There is always a chance of some issues when you have a antivirus and then add in further security.have you tried safe mode and system restore from there


----------



## Shimin4tor (Apr 23, 2013)

*Re: Access denied to C disk and lost admin rights to system admin account*

I've just tried system restore from safe mode, however it didn't work, the hidden admin has gone and I need to update Norton Antivirus, I did a scan yesterday but it didn't find any viruses or anything except for tracking cookies which it deleted.


----------



## joeten (Dec 4, 2008)

*Re: Access denied to C disk and lost admin rights to system admin account*

What do you mean the hidden admin is gone you should have been trying from the standard account not the admin,now leave the scanning and lets see if we can get some things running have you tried sfc /scannow SFC /SCANNOW Command - System File Checker - Windows 7 Help Forums
or chkdsk The How-To Geek Guide to Using Check Disk in Windows 7 or Vista


----------



## Shimin4tor (Apr 23, 2013)

*Re: Access denied to C disk and lost admin rights to system admin account*

I did the scanning from my normal account (which is an admin but has lost its rights), the other administrator account which appeared i think was the hidden admin. I have tried sfc /scannow from the admin account to no avail becuase it says on my normal account that "you must be an administrator running a console session in order to use the sfc utility." even though the account is an admin


----------



## Shimin4tor (Apr 23, 2013)

*Re: Access denied to C disk and lost admin rights to system admin account*

When i do chkdsk, it says "you do not have sufficient privileges. You have to invoke this utility running in elevated mode."


----------



## joeten (Dec 4, 2008)

*Re: Access denied to C disk and lost admin rights to system admin account*

You should be able to set account permissions from the hidden admin account for your other accounts,just for the sake of covering all the bases can you make a new account and give it admin permissions


----------



## Shimin4tor (Apr 23, 2013)

*Re: Access denied to C disk and lost admin rights to system admin account*

I have had to re enable the hidden administrator through safe mode with command prompt, it disappeared from the login screen after system restore, when I logged in, it said that my system has been restored to a previous time, this time was before the problem started and before I had installed Mcafee, so Mcafee has now gone, but I'm still getting access is denied to the C disk, also, I can't make a new account because when i press the button to manage another account or anything with the admin shield symbol, nothing happens, the cursor gets a circle to show that it is doing something but quickly disappears and nothing happens. This is using the hidden admin account.


----------



## joeten (Dec 4, 2008)

*Re: Access denied to C disk and lost admin rights to system admin account*

Hi if you have a install or recovery disc you could try this How to Run the System File Checker (Sfc.exe) Offline in Windows 7 and Vista - The Winhelponline Blog and see if the system files have any issue


----------



## spunk.funk (May 13, 2010)

*Re: Access denied to C disk and lost admin rights to system admin account*



> re enable the hidden administrator through safe mode with command prompt, it disappeared from the login screen after system restore,


System Restore would remove the changes with adding the Hidden Admin account. So you will have to make the Hidden Admin visible again, and then go to User Profiles and make your account admin again. Then remove any permissions on the C: drive.


----------



## jenae (Jun 17, 2008)

*Re: Access denied to C disk and lost admin rights to system admin account*

Hi, you have a number of problems we need to clean up the past AntiVirus installs among other things, the first problem is access to the c drive. There are a number of ways to do this and they do require some user expertise. 

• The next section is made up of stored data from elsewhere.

(* Let $G$ be a graph with a type-2A 1-planar drawing $D$, let $S$ be a vertex-cut of $G$, let $F$ be a component of $G-S$, and let $ab$ be an edge of $F$. If $ab$ is crossed by an edge $xy$ in $D$, then one of the following holds: (a) $x,y\in S$; (b) $x,y\in V(F)$; (c) one of $x,y$ lies in $S$ and the other lies in $V(F)$.
   Context: All drawings are good (no edge crosses itself, two edges cross at most once, adjacent edges do not cross). A drawing is 1-planar if every edge is crossed at most once. If edges $ab$ and $cd$ cross in a 1-planar drawing of $G$, the associated edges of this crossing are the edges of $G[\{a,b,c,d\}]$ other than $ab$ and $cd$. A 1-planar drawing is type-2A if every crossing has at least two associated edges, and every crossing with exactly two associated edges has these two edges disjoint. A vertex-cut is a set $S\subseteq V(G)$ with $G-S$ disconnected. *)

theory Defs
  imports "HOL-Analysis.Analysis"
begin

definition graph :: "'v set \<Rightarrow> 'v set set \<Rightarrow> bool" where
  "graph V E \<longleftrightarrow> finite V \<and>
     (\<forall>e\<in>E. \<exists>u v. u \<noteq> v \<and> u \<in> V \<and> v \<in> V \<and> e = {u, v})"

definition drawing :: "'v set \<Rightarrow> 'v set set \<Rightarrow> ('v \<Rightarrow> complex) \<Rightarrow> ('v set \<Rightarrow> real \<Rightarrow> complex) \<Rightarrow> bool" where
  "drawing V E pos \<Gamma> \<longleftrightarrow> inj_on pos V \<and>
     (\<forall>e\<in>E. arc (\<Gamma> e) \<and> pos ` e = {pathstart (\<Gamma> e), pathfinish (\<Gamma> e)} \<and>
        (\<forall>w\<in>V. pos w \<in> path_image (\<Gamma> e) \<longrightarrow> w \<in> e))"

definition edge_interior :: "('v set \<Rightarrow> real \<Rightarrow> complex) \<Rightarrow> 'v set \<Rightarrow> complex set" where
  "edge_interior \<Gamma> e = path_image (\<Gamma> e) - {pathstart (\<Gamma> e), pathfinish (\<Gamma> e)}"

definition crossing_points :: "('v set \<Rightarrow> real \<Rightarrow> complex) \<Rightarrow> 'v set \<Rightarrow> 'v set \<Rightarrow> complex set" where
  "crossing_points \<Gamma> e f = edge_interior \<Gamma> e \<inter> edge_interior \<Gamma> f"

definition crosses :: "('v set \<Rightarrow> real \<Rightarrow> complex) \<Rightarrow> 'v set \<Rightarrow> 'v set \<Rightarrow> bool" where
  "crosses \<Gamma> e f \<longleftrightarrow> e \<noteq> f \<and> crossing_points \<Gamma> e f \<noteq> {}"

text \<open>Good drawing: no self-crossings (automatic for arcs), two edges cross
  at most once, adjacent edges do not cross.\<close>
definition good_drawing :: "'v set \<Rightarrow> 'v set set \<Rightarrow> ('v \<Rightarrow> complex) \<Rightarrow> ('v set \<Rightarrow> real \<Rightarrow> complex) \<Rightarrow> bool" where
  "good_drawing V E pos \<Gamma> \<longleftrightarrow> drawing V E pos \<Gamma> \<and>
     (\<forall>e\<in>E. \<forall>f\<in>E. e \<noteq> f \<longrightarrow> finite (crossing_points \<Gamma> e f) \<and> card (crossing_points \<Gamma> e f) \<le> 1) \<and>
     (\<forall>e\<in>E. \<forall>f\<in>E. e \<noteq> f \<longrightarrow> e \<inter> f \<noteq> {} \<longrightarrow> \<not> crosses \<Gamma> e f)"

definition one_planar_drawing :: "'v set \<Rightarrow> 'v set set \<Rightarrow> ('v \<Rightarrow> complex) \<Rightarrow> ('v set \<Rightarrow> real \<Rightarrow> complex) \<Rightarrow> bool" where
  "one_planar_drawing V E pos \<Gamma> \<longleftrightarrow> good_drawing V E pos \<Gamma> \<and>
     (\<forall>e\<in>E. card {f\<in>E. crosses \<Gamma> e f} \<le> 1)"

definition associated_edges :: "'v set set \<Rightarrow> 'v set \<Rightarrow> 'v set \<Rightarrow> 'v set set" where
  "associated_edges E e f = {g\<in>E. g \<subseteq> e \<union> f} - {e, f}"

definition type_2A :: "'v set \<Rightarrow> 'v set set \<Rightarrow> ('v \<Rightarrow> complex) \<Rightarrow> ('v set \<Rightarrow> real \<Rightarrow> complex) \<Rightarrow> bool" where
  "type_2A V E pos \<Gamma> \<longleftrightarrow> one_planar_drawing V E pos \<Gamma> \<and>
     (\<forall>e\<in>E. \<forall>f\<in>E. crosses \<Gamma> e f \<longrightarrow>
        card (associated_edges E e f) \<ge> 2 \<and>
        (card (associated_edges E e f) = 2 \<longrightarrow>
          (\<forall>g\<in>associated_edges E e f. \<forall>h\<in>associated_edges E e f. g \<noteq> h \<longrightarrow> g \<inter> h = {})))"

definition reach_minus :: "'v set \<Rightarrow> 'v set set \<Rightarrow> 'v set \<Rightarrow> 'v \<Rightarrow> 'v \<Rightarrow> bool" where
  "reach_minus V E S = (\<lambda>u v. u \<in> V - S \<and> v \<in> V - S \<and> {u, v} \<in> E)\<^sup>*\<^sup>*"

definition vertex_cut :: "'v set \<Rightarrow> 'v set set \<Rightarrow> 'v set \<Rightarrow> bool" where
  "vertex_cut V E S \<longleftrightarrow> S \<subseteq> V \<and>
     (\<exists>u\<in>V - S. \<exists>v\<in>V - S. \<not> reach_minus V E S u v)"

definition component_minus :: "'v set \<Rightarrow> 'v set set \<Rightarrow> 'v set \<Rightarrow> 'v set \<Rightarrow> bool" where
  "component_minus V E S F \<longleftrightarrow> (\<exists>v\<in>V - S. F = {w. reach_minus V E S v w})"

end

theory Submission
  imports Defs
begin

text \<open>If an end vertex x of the crossing edge xy lay outside both S and F, then x would be
  adjacent to neither a nor b, since otherwise x would belong to the component F. The only
  possible associated edges of the crossing would then be ay and by; type 2A demands at least
  two of them, but then there are exactly two and they share y, which type 2A forbids.\<close>

lemma reach_minus_mem:
  assumes "reach_minus V E S u w" and "u \<in> V - S"
  shows "w \<in> V - S"
  using assms unfolding reach_minus_def
  by (induction rule: rtranclp_induct) auto

lemma component_minus_subset:
  assumes "component_minus V E S F"
  shows "F \<subseteq> V - S"
proof
  fix w
  assume "w \<in> F"
  obtain v where "v \<in> V - S" and F_eq: "F = {w. reach_minus V E S v w}"
    using assms unfolding component_minus_def by blast
  from \<open>w \<in> F\<close> have "reach_minus V E S v w"
    unfolding F_eq by simp
  then show "w \<in> V - S"
    using \<open>v \<in> V - S\<close> by (rule reach_minus_mem)
qed

lemma component_minus_closed:
  assumes F: "component_minus V E S F"
    and "u \<in> F" and "w \<in> V - S" and "{u, w} \<in> E"
  shows "w \<in> F"
proof -
  obtain v where F_eq: "F = {w. reach_minus V E S v w}"
    using F unfolding component_minus_def by blast
  have "reach_minus V E S v u"
    using F_eq \<open>u \<in> F\<close> by blast
  moreover have "u \<in> V - S"
    using component_minus_subset[OF F] \<open>u \<in> F\<close> by blast
  with assms(3,4) have "(\<lambda>u w. u \<in> V - S \<and> w \<in> V - S \<and> {u, w} \<in> E) u w"
    by blast
  ultimately have "reach_minus V E S v w"
    unfolding reach_minus_def by (rule rtranclp.rtrancl_into_rtrancl)
  then show ?thesis
    using F_eq by blast
qed

lemma type_2A_associated_edges_pair_disjoint:
  assumes D: "type_2A V E pos \<Gamma>" and "e \<in> E" and "f \<in> E" and "crosses \<Gamma> e f"
    and sub: "associated_edges E e f \<subseteq> {g, h}"
  shows "g \<inter> h = {}"
proof -
  let ?A = "associated_edges E e f"
  have "\<forall>e\<in>E. \<forall>f\<in>E. crosses \<Gamma> e f \<longrightarrow> card (associated_edges E e f) \<ge> 2 \<and>
      (card (associated_edges E e f) = 2 \<longrightarrow> (\<forall>g\<in>associated_edges E e f.
        \<forall>h\<in>associated_edges E e f. g \<noteq> h \<longrightarrow> g \<inter> h = {}))"
    using D unfolding type_2A_def by (rule conjunct2)
  note type_2A_crossing = this[rule_format, OF assms(2-4)]
  have "card {g, h} \<le> 2"
    by (simp add: card_insert_le_m1)
  then have A_eq: "?A = {g, h}" and card_A: "card ?A = 2"
    using type_2A_crossing card_mono[OF _ sub] card_subset_eq[OF _ sub] by auto
  then have "g \<noteq> h"
    by auto
  then show ?thesis
    using type_2A_crossing card_A unfolding A_eq by blast
qed

lemma associated_edges_subset:
  assumes "graph V E" and "{a, x} \<notin> E" and "{b, x} \<notin> E"
  shows "associated_edges E {a, b} {x, y} \<subseteq> {{a, y}, {b, y}}"
proof
  fix h
  assume "h \<in> associated_edges E {a, b} {x, y}"
  then have "h \<in> E" and "h \<subseteq> {a, b, x, y}" and "h \<noteq> {a, b}" and "h \<noteq> {x, y}"
    unfolding associated_edges_def by auto
  moreover obtain u w where "u \<noteq> w" and "h = {u, w}"
    using assms(1) \<open>h \<in> E\<close> unfolding graph_def by blast
  ultimately show "h \<in> {{a, y}, {b, y}}"
    using assms(2,3) by (auto simp: insert_commute)
qed

lemma crossing_edge_end_in_cut_or_component:
  assumes G: "graph V E" and D: "type_2A V E pos \<Gamma>" and F: "component_minus V E S F"
    and "a \<in> F" and "b \<in> F" and ab: "{a, b} \<in> E"
    and xy: "{x, y} \<in> E" and cr: "crosses \<Gamma> {a, b} {x, y}"
  shows "x \<in> S \<or> x \<in> F"
proof (rule ccontr)
  assume "\<not> (x \<in> S \<or> x \<in> F)"
  moreover have "x \<in> V"
    using G xy unfolding graph_def by (auto simp: doubleton_eq_iff)
  ultimately have "{a, x} \<notin> E" and "{b, x} \<notin> E"
    using component_minus_closed[OF F] \<open>a \<in> F\<close> \<open>b \<in> F\<close> by blast+
  then have "associated_edges E {a, b} {x, y} \<subseteq> {{a, y}, {b, y}}"
    using associated_edges_subset[OF G] by blast
  then have "{a, y} \<inter> {b, y} = {}"
    using type_2A_associated_edges_pair_disjoint[OF D ab xy cr] by blast
  then show False
    by blast
qed

theorem proposition1:
  fixes V :: "'v set" and E :: "'v set set" and pos :: "'v \<Rightarrow> complex"
    and \<Gamma> :: "'v set \<Rightarrow> real \<Rightarrow> complex" and S F :: "'v set" and a b x y :: 'v
  assumes "graph V E"
    and "type_2A V E pos \<Gamma>"
    and "vertex_cut V E S"
    and "component_minus V E S F"
    and "a \<in> F" and "b \<in> F" and "{a, b} \<in> E"
    and "{x, y} \<in> E"
    and "crosses \<Gamma> {a, b} {x, y}"
  shows "(x \<in> S \<and> y \<in> S) \<or> (x \<in> F \<and> y \<in> F) \<or>
         (x \<in> S \<and> y \<in> F) \<or> (x \<in> F \<and> y \<in> S)"
proof -
  have "x \<in> S \<or> x \<in> F"
    using crossing_edge_end_in_cut_or_component assms(1,2,4-9) .
  moreover have "y \<in> S \<or> y \<in> F"
    using crossing_edge_end_in_cut_or_component[of V E pos \<Gamma> S F a b y x] assms(1,2,4-9)
    by (simp add: insert_commute)
  ultimately show ?thesis
    by blast
qed

end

Lets try the simple one first, we need to disable UAC so you can get to security tab under properties in c:\ drive, and set your user as full access.

I have written this to make it as simple as possible You need to boot to safe mode advanced and select the option to "repair your computer" from here we are going to select the command prompt:-

From the command prompt at the x:\sources> prompt type:-

bcdedit |find "osdevice" (press enter)

Will return the partition letter the RE has assigned (normally c if not change to the drive letter returned.(assume c

Next still at the x:\Sources> prompt type C: (press enter)

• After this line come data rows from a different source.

text \<open>Otherwise, F being connected, every member lies on the u-side of uv: a member containing v
  lies on the v-side and so cannot meet one on the u-side.\<close>
lemma connected_family_tree_edge:
  assumes "is_tree V T" "{u, v} \<in> T" "connected_family F" "\<forall>A\<in>F. tree_convex V T A"
    and "u \<in> \<Union>F" "v \<in> \<Union>F"
  obtains A where "A \<in> F" "u \<in> A" "v \<in> A"
proof (rule ccontr)
  assume "\<not> thesis"
  then have sep: "\<And>A. A \<in> F \<Longrightarrow> u \<in> A \<Longrightarrow> v \<notin> A" using that by blast
  obtain A where A: "A \<in> F" "u \<in> A" using assms(5) by blast
  have "B \<subseteq> branch V T u v" if "B \<in> F" for B
  proof (rule connected_family_propagate[OF assms(3) A(1) _ that])
    show "A \<subseteq> branch V T u v"
      using assms(2,4) A sep by (intro tree_convexD[of V T A u v u]) (auto simp: branch_self)
    fix X Y assume XY: "X \<in> F" "Y \<in> F" "X \<inter> Y \<noteq> {}" "X \<subseteq> branch V T u v"
    obtain y where y: "y \<in> Y" "y \<in> branch V T u v" using XY(3,4) by blast
    show "Y \<subseteq> branch V T u v"
    proof (cases "v \<in> Y")
      case False
      then show ?thesis using assms(2,4) XY(2) y by (intro tree_convexD[of V T Y u v y]) auto
    next
      case True
      have "{v, u} \<in> T" using assms(2) by (simp add: insert_commute)
      then have "Y \<subseteq> branch V T v u"
        using assms(4) XY(2) True sep by (intro tree_convexD[of V T Y v u v]) (auto simp: branch_self)
      then show ?thesis using XY branches_disjoint[OF assms(1,2)] by blast
    qed
  qed
  then have "v \<in> branch V T u v" using assms(6) by blast
  with tree_edge_not_in_branch[OF assms(1,2)] show False ..
qed

lemma I_H_subset_edge: "e \<in> E \<Longrightarrow> X \<subseteq> e \<Longrightarrow> I_H V E X \<subseteq> e"
  by (auto simp: I_H_def)

lemma I_H_subset_V:
  assumes "hypergraph V E"
  shows "I_H V E X \<subseteq> V"
proof (cases "\<exists>e\<in>E. X \<subseteq> e")
  case True
  then obtain e where "e \<in> E" "X \<subseteq> e" by blast
  then have "I_H V E X \<subseteq> e" by (rule I_H_subset_edge)
  also have "e \<subseteq> V" using assms \<open>e \<in> E\<close> by (simp add: hypergraph_def)
  finally show ?thesis .
qed (simp add: I_H_def)

lemma I_H_superset: "X \<subseteq> V \<Longrightarrow> X \<subseteq> I_H V E X"
  by (auto simp: I_H_def)

lemma Inter_in_gen_sets:
  assumes "finite G" "G \<noteq> {}" "G \<subseteq> gen_sets E" "u \<in> \<Inter>G"
  shows "\<Inter>G \<in> gen_sets E"
  using assms
proof (induction G rule: finite_ne_induct)
  case (insert A G)
  then show ?case using gen_sets.inter[of A E "\<Inter>G"] by auto
qed simp

lemma I_H_in_Comp:
  assumes "hypergraph V E" "X \<noteq> {}"
  shows "I_H V E X \<in> Comp V E"
proof (cases "\<exists>e\<in>E. X \<subseteq> e")
  case True
  let ?G = "{e \<in> E. X \<subseteq> e}"
  obtain u where "u \<in> X" using assms(2) by blast
  have "\<Inter>?G \<in> gen_sets E"
    using assms(1) True \<open>u \<in> X\<close>
    by (intro Inter_in_gen_sets[of _ _ u]) (auto simp: hypergraph_def gen_sets.base)
  then show ?thesis
    using True I_H_subset_V[OF assms(1), of X] by (auto simp: I_H_def Comp_def)
qed (simp add: I_H_def Comp_def)

lemma I_H_subset_gen_sets:
  assumes "hypergraph V E" "host_tree V E T" "A \<in> gen_sets E"
    and "{u, v} \<in> T" "u \<in> A" "v \<in> A"
  shows "I_H V E {u, v} \<subseteq> A"
  using assms(3-)
proof (induction rule: gen_sets.induct)
  case (base e)
  then show ?case by (simp add: I_H_subset_edge)
next
  case (inter A B)
  then show ?case by simp
next
  case (union F)
  have "is_tree V T" using assms(2) by (simp add: host_tree_def)
  moreover have "\<forall>A\<in>F. tree_convex V T A" using union(1) gen_sets_tree_convex[OF assms(1,2)] by blast
  ultimately obtain A where "A \<in> F" "u \<in> A" "v \<in> A"
    using union(3) union.prems(2,3) connected_family_tree_edge[OF _ assms(4)] by blast
  then show ?case using union(1) assms(4) by blast
qed

lemma I_H_subset_Comp:
  assumes "hypergraph V E" "host_tree V E T" "A \<in> Comp V E"
    and "{u, v} \<in> T" "u \<in> A" "v \<in> A"
  shows "I_H V E {u, v} \<subseteq> A"
proof -
  have "is_tree V T" using assms(2) by (simp add: host_tree_def)
  then have "u \<noteq> v" using assms(4) by (rule tree_edgeD(1))
  consider "A = V" | w where "A = {w}" | "A \<in> gen_sets E"
    using assms(3) by (auto simp: Comp_def)
  then show ?thesis
  proof cases
    case 1
    then show ?thesis using I_H_subset_V[OF assms(1)] by simp
  next
    case 2
    then show ?thesis using assms(5,6) \<open>u \<noteq> v\<close> by simp
  next
    case 3
    then show ?thesis using I_H_subset_gen_sets[OF assms(1,2) _ assms(4-)] by simp
  qed
qed
lemma centered_normal_rv_lincomb:
  assumes "finite S" "F \<subseteq> S"
  shows "centered_normal_rv M (\<lambda>\<omega>. \<Sum>g\<in>F. c g * Z g \<omega>)"
  using finite_subset[OF assms(2,1)] assms(2)
proof (induction F rule: finite_induct)
  case empty
  show ?case by (simp add: centered_normal_rv_def)
next
  case (insert x F)
  have "indep_vars (\<lambda>_. borel) (\<lambda>g \<omega>. c g * Z g \<omega>) (insert x F)"
    by (rule indep_vars_compose2[OF indep_vars_subset[OF indep insert.prems]]) simp
  from indep_vars_sum[OF insert.hyps(1,2) this]
  have "indep_var borel (\<lambda>\<omega>. c x * Z x \<omega>) borel (\<lambda>\<omega>. \<Sum>g\<in>F. c g * Z g \<omega>)"
    by simp
  moreover have "centered_normal_rv M (\<lambda>\<omega>. c x * Z x \<omega>)"
    using insert.prems by (intro centered_normal_rv_scaled_std_normal std) auto
  ultimately show ?case
    using centered_normal_rv_add_indep insert by simp
qed

lemma centered_gaussian_process_lincomb:
  assumes "finite S" and X: "\<And>t \<omega>. t \<in> T \<Longrightarrow> X t \<omega> = (\<Sum>g\<in>S. C t g * Z g \<omega>)"
  shows "centered_gaussian_process M T X"
  unfolding centered_gaussian_process_def
proof (intro conjI ballI allI impI)
  fix t assume "t \<in> T"
  then have "X t = (\<lambda>\<omega>. \<Sum>g\<in>S. C t g * Z g \<omega>)"
    using X by auto
  then show "X t \<in> borel_measurable M"
    using borel_measurable_lincomb by simp
next
  fix F c assume "finite F" "F \<subseteq> T"
  then have "(\<lambda>\<omega>. \<Sum>t\<in>F. c t * X t \<omega>) = (\<lambda>\<omega>. \<Sum>g\<in>S. (\<Sum>t\<in>F. c t * C t g) * Z g \<omega>)"
    using X by (auto simp: subset_iff sum_distrib_left sum_distrib_right mult.assoc intro!: sum.swap)
  then show "centered_normal_rv M (\<lambda>\<omega>. \<Sum>t\<in>F. c t * X t \<omega>)"
    using centered_normal_rv_lincomb[OF assms(1) subset_refl] by simp
qed

end

end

At the c:\> prompt type:- regedit.exe (press enter)

Registry editor will open select the Key:-

HKEY_LOCAL_MACHINE , then from the main menu click on "File" select "Load Hive" a sources box will open browse to C:\windows \system32\config and click on "Software".

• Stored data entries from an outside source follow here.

(* Let $0<\mu<1/4$ and $\kappa\in\mathbb{R}$. Let $f(x)=(1+\mu\cos x)^{-2}$, $g(y)=y^2(1-y^2)$, and let $K$ be the Gaussian curvature of the metric $(f(x)+g(y))(dx^2+dy^2)$ on $\mathbb{R}\times[-1,1]$. Let $\gamma(s)=\tfrac12\operatorname{sech}s$, and consider the curve $y(x)=\gamma(\kappa+x+\mu\sin x)$. Define $$I(x):=K_x(x,y(x))\,g(y(x))-K_y(x,y(x))\,f(x)\,y'(x)$$ and, for $L>0$, $$B_L(\kappa):=\int_{-\infty}^{-L}I(x)\,dx+\int_{L}^{\infty}I(x)\,dx .$$ Then $$|B_L(\kappa)|\le 1200\,(1+2e^{2|\kappa|})\,\gamma(L)^2 .$$
   Context: $K_x,K_y$ are the partial derivatives of $K$ in $x$ and $y$. The curve $y=\gamma(\kappa+x+\mu\sin x)$ is a geodesic of this metric lying on the homoclinic connection of the closed geodesic $\{y=0\}$. *)

theory Defs
  imports "HOL-Analysis.Analysis"
begin

definition ff :: "real \<Rightarrow> real \<Rightarrow> real" where
  "ff \<mu> x = 1 / (1 + \<mu> * cos x)^2"

definition gg :: "real \<Rightarrow> real" where
  "gg y = y^2 * (1 - y^2)"

definition lam :: "real \<Rightarrow> real \<Rightarrow> real \<Rightarrow> real" where
  "lam \<mu> x y = ff \<mu> x + gg y"

text \<open>Gaussian curvature of a conformal metric lambda (dx^2+dy^2):
  K = - (1 / (2 lambda)) * Laplacian (ln lambda).\<close>
definition KK :: "real \<Rightarrow> real \<Rightarrow> real \<Rightarrow> real" where
  "KK \<mu> x y = - (1 / (2 * lam \<mu> x y)) *
     (deriv (\<lambda>t. deriv (\<lambda>s. ln (lam \<mu> s y)) t) x
      + deriv (\<lambda>t. deriv (\<lambda>s. ln (lam \<mu> x s)) t) y)"

definition KK_x :: "real \<Rightarrow> real \<Rightarrow> real \<Rightarrow> real" where
  "KK_x \<mu> x y = deriv (\<lambda>s. KK \<mu> s y) x"

definition KK_y :: "real \<Rightarrow> real \<Rightarrow> real \<Rightarrow> real" where
  "KK_y \<mu> x y = deriv (\<lambda>s. KK \<mu> x s) y"

definition gam :: "real \<Rightarrow> real" where
  "gam s = 1 / (2 * cosh s)"

definition ycurve :: "real \<Rightarrow> real \<Rightarrow> real \<Rightarrow> real" where
  "ycurve \<mu> \<kappa> x = gam (\<kappa> + x + \<mu> * sin x)"

definition II :: "real \<Rightarrow> real \<Rightarrow> real \<Rightarrow> real" where
  "II \<mu> \<kappa> x = KK_x \<mu> x (ycurve \<mu> \<kappa> x) * gg (ycurve \<mu> \<kappa> x)
      - KK_y \<mu> x (ycurve \<mu> \<kappa> x) * ff \<mu> x * deriv (ycurve \<mu> \<kappa>) x"

definition BB :: "real \<Rightarrow> real \<Rightarrow> real \<Rightarrow> real" where
  "BB \<mu> L \<kappa> = (LBINT x:{..-L}. II \<mu> \<kappa> x) + (LBINT x:{L..}. II \<mu> \<kappa> x)"

end

theory Submission
  imports Defs
begin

A name hive box will open call it UAC and press OK.

The registry editor will be open and you will note a new key called "UAC" expand the + and navigate to:-

Microsoft expand the +
Next:-

Windows expand the +
Next:-

Current Version expand the +
Next:-

Policies expand the +
Next:-

Click on "system" on the right you will see a value 

"EnableLua" right click on this and select "modify", in the value modify box where 1 is type 0 and OK.

(The path is HKEY_LOCAL_MACHINE\UAC\Microsoft\Windows\Currentversion\Policies\System)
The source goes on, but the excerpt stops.